Castreren of niet?

Ieder hondenbaasje stelt zichzelf vroeg of laat die ene vraag: laat ik mijn hond castreren of niet? We wegen de voor- en nadelen af met dierenarts Kiki Vleeschouwers.

Advertentie

Over castratie gaan er heel wat fabels de ronde. Nochtans is het een belangrijk onderwerp, want je hond al dan niet castreren heeft gevolgen voor zijn of haar gezondheid. Bovendien staat iedereen die een pup koopt op een bepaald moment voor die keuze. Dierenarts Kiki Vleeschouwers van Dierenkliniek VvD zet alle gevolgen van castratie op een rijtje zodat u een weloverwogen beslissing kan maken. 

Castratie sterilisatie

Een eerste misverstand dat we graag de wereld uit helpen, is het foutieve gebruik van de termen “castratie” en “sterilisatie”. ‘Om een of andere reden spreekt men in de volksmond over een gecastreerde reu en een gesteriliseerde teef’, zegt dierenarts Vleeschouwers. ‘Maar dat klopt niet. Ook een teef wordt in de regel gecastreerd.’ Castreren en steriliseren zijn immers twee verschillende ingrepen. ‘Bij een castratie worden de gonaden weggenomen. Dat zijn de organen die geslachtscellen en
–hormonen produceren: bij de reu de teelballen en bij de teef de eierstokken.’ 
Een sterilisatie houdt in dat het dier onvruchtbaar wordt gemaakt. ‘Bij de reu wordt de zaadleider doorgeknipt en bij de teef de eileider. Met andere woorden: het dier blijft zijn geslachtsorganen houden en op hormonaal vlak verandert er niets.’
Een hond kan dus ook worden gesteriliseerd om ongewenste zwangerschappen te voorkomen. Al gebeurt dat zeer weinig in de praktijk volgens Vleeschouwers. ‘Een van de voornaamste redenen waarom eigenaars hun dier laten castreren, is omdat ze het effect van de geslachtshormonen vervelend vinden. Denk bijvoorbeeld bij teven aan het bloedverlies, het aantrekkelijk zijn voor het andere geslacht en het wegloopgedrag tijdens de loopsheid. Of bij de reu bijvoorbeeld het markeren. Bij een sterilisatie verandert er niets op vlak van gedrag en daarom opteren de meeste eigenaars voor een castratie.’

Niet te snel

In principe kan een reu op elke leeftijd gecastreerd worden. Toch is het niet aangeraden om de ingreep op zeer jonge leeftijd uit te voeren. ‘In de Verenigde Staten heerst tegenwoordig de tendens om reuen al op de leeftijd van drie maanden te castreren’, weet dierenarts Vleeschouwers. Een tendens die nu ook naar lijkt ons over te waaien. ‘Persoonlijk vind ik dit een bizarre trend’, gaat Vleeschouwers verder. ‘Als je kiest voor een castratie, raad ik aan om te wachten tot het dier hormonaal volwassen is.

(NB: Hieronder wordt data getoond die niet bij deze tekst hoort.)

(* Let $H$ be a connected graph that is not a tree. If $H\in\mathcal{G}$, then the girth of $H$ is at most $6$.
   Context: All graphs are finite and simple. $d_{H,2}(x,y)=\min\{d_H(x,y),2\}$ with $d_H$ the shortest-path distance. A local adjacency basis of $H$ is a minimum-size set $S\subseteq V(H)$ such that for any two adjacent vertices $x,y$ some $s\in S$ satisfies $d_{H,2}(s,x)\ne d_{H,2}(s,y)$. $\mathcal{G}$: class of graphs $H$ such that every local adjacency basis $B$ of $H$ satisfies $B\subseteq N_H(v)$ for some $v\in V(H)$ (open neighbourhood). The girth is the length of a shortest cycle. *)

theory Defs
  imports Main "HOL-Library.Extended_Nat"
begin

definition graph :: "'a set \<Rightarrow> ('a \<Rightarrow> 'a \<Rightarrow> bool) \<Rightarrow> bool" where
  "graph V E \<longleftrightarrow> finite V \<and> (\<forall>x y. E x y \<longrightarrow> x \<in> V \<and> y \<in> V) \<and>
                  (\<forall>x y. E x y \<longrightarrow> E y x) \<and> (\<forall>x. \<not> E x x)"

definition walk :: "'a set \<Rightarrow> ('a \<Rightarrow> 'a \<Rightarrow> bool) \<Rightarrow> 'a list \<Rightarrow> bool" where
  "walk V E p \<longleftrightarrow> p \<noteq> [] \<and> set p \<subseteq> V \<and> (\<forall>i. Suc i < length p \<longrightarrow> E (p ! i) (p ! Suc i))"

text \<open>Shortest-path distance (infinity if no walk exists).\<close>
definition dist :: "'a set \<Rightarrow> ('a \<Rightarrow> 'a \<Rightarrow> bool) \<Rightarrow> 'a \<Rightarrow> 'a \<Rightarrow> enat" where
  "dist V E x y = Inf {enat (length p - 1) | p. walk V E p \<and> hd p = x \<and> last p = y}"

definition dist2 :: "'a set \<Rightarrow> ('a \<Rightarrow> 'a \<Rightarrow> bool) \<Rightarrow> 'a \<Rightarrow> 'a \<Rightarrow> enat" where
  "dist2 V E x y = min (dist V E x y) 2"

definition connected :: "'a set \<Rightarrow> ('a \<Rightarrow> 'a \<Rightarrow> bool) \<Rightarrow> bool" where
  "connected V E \<longleftrightarrow> (\<forall>x\<in>V. \<forall>y\<in>V. \<exists>p. walk V E p \<and> hd p = x \<and> last p = y)"

definition is_cycle :: "'a set \<Rightarrow> ('a \<Rightarrow> 'a \<Rightarrow> bool) \<Rightarrow> 'a list \<Rightarrow> bool" where
  "is_cycle V E c \<longleftrightarrow> length c \<ge> 3 \<and> distinct c \<and> walk V E c \<and> E (last c) (hd c)"

definition is_tree :: "'a set \<Rightarrow> ('a \<Rightarrow> 'a \<Rightarrow> bool) \<Rightarrow> bool" where
  "is_tree V E \<longleftrightarrow> connected V E \<and> V \<noteq> {} \<and> (\<nexists>c. is_cycle V E c)"

text \<open>Girth: length of a shortest cycle (infinity for acyclic graphs).\<close>
definition girth :: "'a set \<Rightarrow> ('a \<Rightarrow> 'a \<Rightarrow> bool) \<Rightarrow> enat" where
  "girth V E = Inf {enat (length c) | c. is_cycle V E c}"

definition nbhd :: "'a set \<Rightarrow> ('a \<Rightarrow> 'a \<Rightarrow> bool) \<Rightarrow> 'a \<Rightarrow> 'a set" where
  "nbhd V E v = {u \<in> V. E v u}"

definition local_adj_resolving :: "'a set \<Rightarrow> ('a \<Rightarrow> 'a \<Rightarrow> bool) \<Rightarrow> 'a set \<Rightarrow> bool" where
  "local_adj_resolving V E S \<longleftrightarrow> S \<subseteq> V \<and>
     (\<forall>x y. E x y \<longrightarrow> (\<exists>s\<in>S. dist2 V E s x \<noteq> dist2 V E s y))"

definition local_adj_basis :: "'a set \<Rightarrow> ('a \<Rightarrow> 'a \<Rightarrow> bool) \<Rightarrow> 'a set \<Rightarrow> bool" where
  "local_adj_basis V E B \<longleftrightarrow> local_adj_resolving V E B \<and>
     (\<forall>S. local_adj_resolving V E S \<longrightarrow> card B \<le> card S)"

definition in_class_G :: "'a set \<Rightarrow> ('a \<Rightarrow> 'a \<Rightarrow> bool) \<Rightarrow> bool" where
  "in_class_G V E \<longleftrightarrow> (\<forall>B. local_adj_basis V E B \<longrightarrow> (\<exists>v\<in>V. B \<subseteq> nbhd V E v))"

end

theory Submission imports Defs begin

text \<open>Let \<open>B\<close> be a local adjacency basis contained in the neighbourhood of \<open>v\<close>. A vertex of \<open>B\<close>
  can only resolve an edge it is incident or adjacent to, so every edge has an endpoint reachable
  from \<open>v\<close> by a walk of length one or two. If the girth exceeded 6, every vertex of a cycle would then
  be at distance at most 2 from \<open>v\<close> (otherwise two such walks through its cycle neighbours close up
  into a cycle of length at most 6), hence adjacent to \<open>v\<close> (otherwise a cycle of length at most 5
  appears), and two consecutive cycle vertices adjacent to \<open>v\<close> form a triangle.\<close>

lemma walk_Cons_Cons: "walk V E (x # y # xs) \<longleftrightarrow> x \<in> V \<and> E x y \<and> walk V E (y # xs)"
  unfolding walk_def
proof safe
  fix i assume "\<forall>i. Suc i < length (x # y # xs) \<longrightarrow> E ((x # y # xs) ! i) ((x # y # xs) ! Suc i)"
    and "Suc i < length (y # xs)"
  then show "E ((y # xs) ! i) ((y # xs) ! Suc i)" by (metis length_Cons nth_Cons_Suc Suc_less_eq)
next
  fix i assume "E x y" "\<forall>i. Suc i < length (y # xs) \<longrightarrow> E ((y # xs) ! i) ((y # xs) ! Suc i)"
    and "Suc i < length (x # y # xs)"
  then show "E ((x # y # xs) ! i) ((x # y # xs) ! Suc i)" by (cases i) auto
qed auto

lemma walk_singleton: "walk V E [x] \<longleftrightarrow> x \<in> V"
  unfolding walk_def by auto

lemma le_dist_if_walks_longer:
  assumes "\<And>p. walk V E p \<Longrightarrow> hd p = x \<Longrightarrow> last p = y \<Longrightarrow> n < length p"
  shows "enat n \<le> dist V E x y"
  unfolding dist_def
proof (rule Inf_greatest, clarify)
  fix p assume "walk V E p" "x = hd p" "y = last p"
  then show "enat n \<le> enat (length p - 1)" using assms by fastforce
qed

lemma dist_self: "x \<in> V \<Longrightarrow> dist V E x x = 0"
proof -
  assume "x \<in> V"
  then have "walk V E [x]" by (simp add: walk_singleton)
  then have "dist V E x x \<le> enat (length [x] - 1)"
    unfolding dist_def by (intro Inf_lower) force
  then show ?thesis by (simp flip: zero_enat_def)
qed

lemma one_le_dist:
  assumes "x \<noteq> y"
  shows "1 \<le> dist V E x y"
proof -
  have "1 < length p" if "walk V E p" "hd p = x" "last p = y" for p
  proof (rule ccontr)
    assume "\<not> 1 < length p"
    moreover have "p \<noteq> []" using \<open>walk V E p\<close> by (simp add: walk_def)
    ultimately obtain a where "p = [a]" by (cases p) auto
    then show False using that assms by simp
  qed
  then show ?thesis using le_dist_if_walks_longer[of V E x y 1] by (simp add: one_enat_def)
qed

lemma two_le_dist:
  assumes "x \<noteq> y" "\<not> E x y"
  shows "2 \<le> dist V E x y"
proof -
  have "2 < length p" if "walk V E p" "hd p = x" "last p = y" for p
  proof (rule ccontr)
    assume "\<not> 2 < length p"
    moreover have "p \<noteq> []" using \<open>walk V E p\<close> by (simp add: walk_def)
    ultimately consider a where "p = [a]" | a b where "p = [a, b]"
      by (cases p; cases "tl p") auto
    then show False using that assms by cases (auto simp: walk_Cons_Cons)
  qed
  then show ?thesis using le_dist_if_walks_longer[of V E x y 2] by (simp add: numeral_eq_enat)
qed

lemma dist2_neq_imp_close:
  assumes "dist2 V E s x \<noteq> dist2 V E s y"
  shows "s = x \<or> E s x \<or> s = y \<or> E s y"
proof (rule ccontr)
  assume "\<not> ?thesis"
  then have "dist2 V E s x = 2" "dist2 V E s y = 2"
    using two_le_dist unfolding dist2_def by (metis min.absorb2)+
  with assms show False by simp
qed

lemma local_adj_resolving_vertices: "graph V E \<Longrightarrow> local_adj_resolving V E V"
  unfolding local_adj_resolving_def
proof (intro conjI allI impI)
  fix x y assume "graph V E" "E x y"
  then have "x \<in> V" "x \<noteq> y" by (auto simp: graph_def)
  moreover have "dist2 V E x x = 0" using dist_self[OF \<open>x \<in> V\<close>] by (simp add: dist2_def)
  moreover have "1 \<le> dist2 V E x y" using one_le_dist[OF \<open>x \<noteq> y\<close>] by (simp add: dist2_def)
  ultimately have "dist2 V E x x \<noteq> dist2 V E x y" by auto
  with \<open>x \<in> V\<close> show "\<exists>s\<in>V. dist2 V E s x \<noteq> dist2 V E s y" by blast
qed simp

lemma local_adj_basis_exists:
  assumes "graph V E"
  obtains B where "local_adj_basis V E B"
proof -
  let ?P = "\<lambda>n. \<exists>S. local_adj_resolving V E S \<and> card S = n"
  have "?P (card V)" using local_adj_resolving_vertices[OF assms] by blast
  then obtain B where B: "local_adj_resolving V E B" "card B = (LEAST n. ?P n)"
    using LeastI_ex[of ?P] by blast
  have "card B \<le> card S" if "local_adj_resolving V E S" for S
    using B(2) Least_le[of ?P "card S"] that by auto
  with B have "local_adj_basis V E B" unfolding local_adj_basis_def by blast
  then show thesis by (rule that)
qed

definition within2 :: "('a \<Rightarrow> 'a \<Rightarrow> bool) \<Rightarrow> 'a \<Rightarrow> 'a \<Rightarrow> bool" where
  "within2 E v x \<longleftrightarrow> (\<exists>s. E v s \<and> (s = x \<or> E s x))"

lemma basis_in_nbhd_imp_edge_within2:
  assumes "local_adj_basis V E B" "B \<subseteq> nbhd V E v" "E x y"
  shows "within2 E v x \<or> within2 E v y"
proof -
  obtain s where "s \<in> B" "dist2 V E s x \<noteq> dist2 V E s y"
    using assms(1,3) unfolding local_adj_basis_def local_adj_resolving_def by blast
  moreover from \<open>s \<in> B\<close> have "E v s" using assms(2) unfolding nbhd_def by blast
  ultimately show ?thesis using dist2_neq_imp_close[of V E s x y] unfolding within2_def by blast
qed

lemma girth_le_cycle_length: "is_cycle V E c \<Longrightarrow> girth V E \<le> enat (length c)"
  unfolding girth_def by (rule Inf_lower) blast

lemma cycle_neighbours:
  assumes "is_cycle V E c" "y \<in> set c"
  shows "\<exists>a\<in>set c. \<exists>b\<in>set c. a \<noteq> b \<and> E a y \<and> E y b"
proof -
  let ?L = "length c"
  have c: "3 \<le> ?L" "distinct c" "E (last c) (hd c)" "\<And>i. Suc i < ?L \<Longrightarrow> E (c ! i) (c ! Suc i)"
    using assms(1) by (auto simp: is_cycle_def walk_def)
  have "c \<noteq> []" using c(1) by auto
  then have last: "last c = c ! (?L - 1)" and hd: "hd c = c ! 0"
    by (simp_all add: last_conv_nth hd_conv_nth)
  obtain j where j: "j < ?L" "y = c ! j" using assms(2) by (metis in_set_conv_nth)
  obtain i k where "i < ?L" "k < ?L" "i \<noteq> k" "E (c ! i) y" "E y (c ! k)"
  proof (cases "j = 0")
    case True
    have "E (c ! (?L - 1)) (c ! 0)" "E (c ! 0) (c ! 1)" using c(1,3,4) last hd by auto
    then show thesis using that[of "?L - 1" 1] True c(1) j by auto
  next
    case False
    then have before: "E (c ! (j - 1)) y" using c(4)[of "j - 1"] j by simp
    show thesis
    proof (cases "j = ?L - 1")
      case True
      then have "E y (c ! 0)" using c(3) last hd j by simp
      then show thesis using that[of "j - 1" 0] before True c(1) \<open>c \<noteq> []\<close> by auto
    next
      case False
      then have "E y (c ! (j + 1))" using c(4)[of j] j by simp
      then show thesis using that[of "j - 1" "j + 1"] before False j by auto
    qed
  qed
  with c(2) show ?thesis by (metis nth_eq_iff_index_eq nth_mem)
qed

Geslachtshormonen hebben niet enkel een functie op vlak van vruchtbaarheid, ze hebben ook een effect op andere vlakken in het lichaam, zoals de huid, de botten, de blaas et cetera.’ Door te wachten tot die hormonen overal in het lichaam hun werk hebben gedaan, kan de hond zich normaal ontwikkelen. Een reu op zeer jonge leeftijd castreren is overigens niet zonder gevolgen. ‘Het lichaam van zulke reuen krijgt een andere uitbouw: ze zijn slungeliger. Eigenlijk blijven het “grote pups”. Bovendien blijkt dat zulke reuen meer kans maken op het ontwikkelen van prostaatkanker in vergelijking met intacte reuen of reuen die pas op latere leeftijd werden gecastreerd.’

Vacht en vet

Op welk moment je jouw reu ook laat castreren, de ingreep zal sowieso een effect hebben op zijn lichaam. ‘Het metabolisme van een gecastreerd dier verandert’, verklaart Vleeschouwers. ‘De hond heeft minder calorieën nodig en zet makkelijker vet aan. Als eigenaar heb je dat natuurlijk wel in de hand. Je kan overgewicht vermijden door minder voeding te geven.’ Ook de vachtstructuur kan veranderen. ‘Bij de ene reu al wat meer dan bij de andere, dat valt heel moeilijk te voorspellen. Vooral eigenaars van langharige honden merken een verschil.’ 
Castratie kan ook een positief effect hebben op het lichaam. ‘Zo zullen we bijvoorbeeld een castratie voorstellen wanneer een hond geregeld prostaatproblemen heeft. Een goedaardige vergroting van de prostaat komt frequent voor bij honden van alle leeftijden. Door de hond te castreren zal de prostaat verkleinen.’

Geen wondermiddel

Een van de voornaamste redenen waarom reuen gecastreerd worden (naast het voorkomen van ongewenste zwangerschappen) is omdat eigenaars hopen dat de ingreep een effect heeft op het gedrag van hun hond. ‘Castratie kan een hulpmiddel zijn om vervelend gedrag onder de knie te krijgen, maar het is zeker geen wondermiddel! Een dominante hond wordt niet ineens een doetje na de ingreep. Mensen hebben er soms een fout beeld van: ze denken dat een castratie alle gedragsproblemen gaat oplossen. De gevolgen op gedragsmatig vlak zijn echter zeer onvoorspelbaar.’

Chemische castratie

Eigenaars die een castratie overwegen om gedragsmatige issues aan te pakken, raadt Vleeschouwers aan om eerst een chemische castratie uit te testen. ‘Als die chemische castratie niet het gewenste effect heeft, dan heeft een klassieke castratie geen zin.’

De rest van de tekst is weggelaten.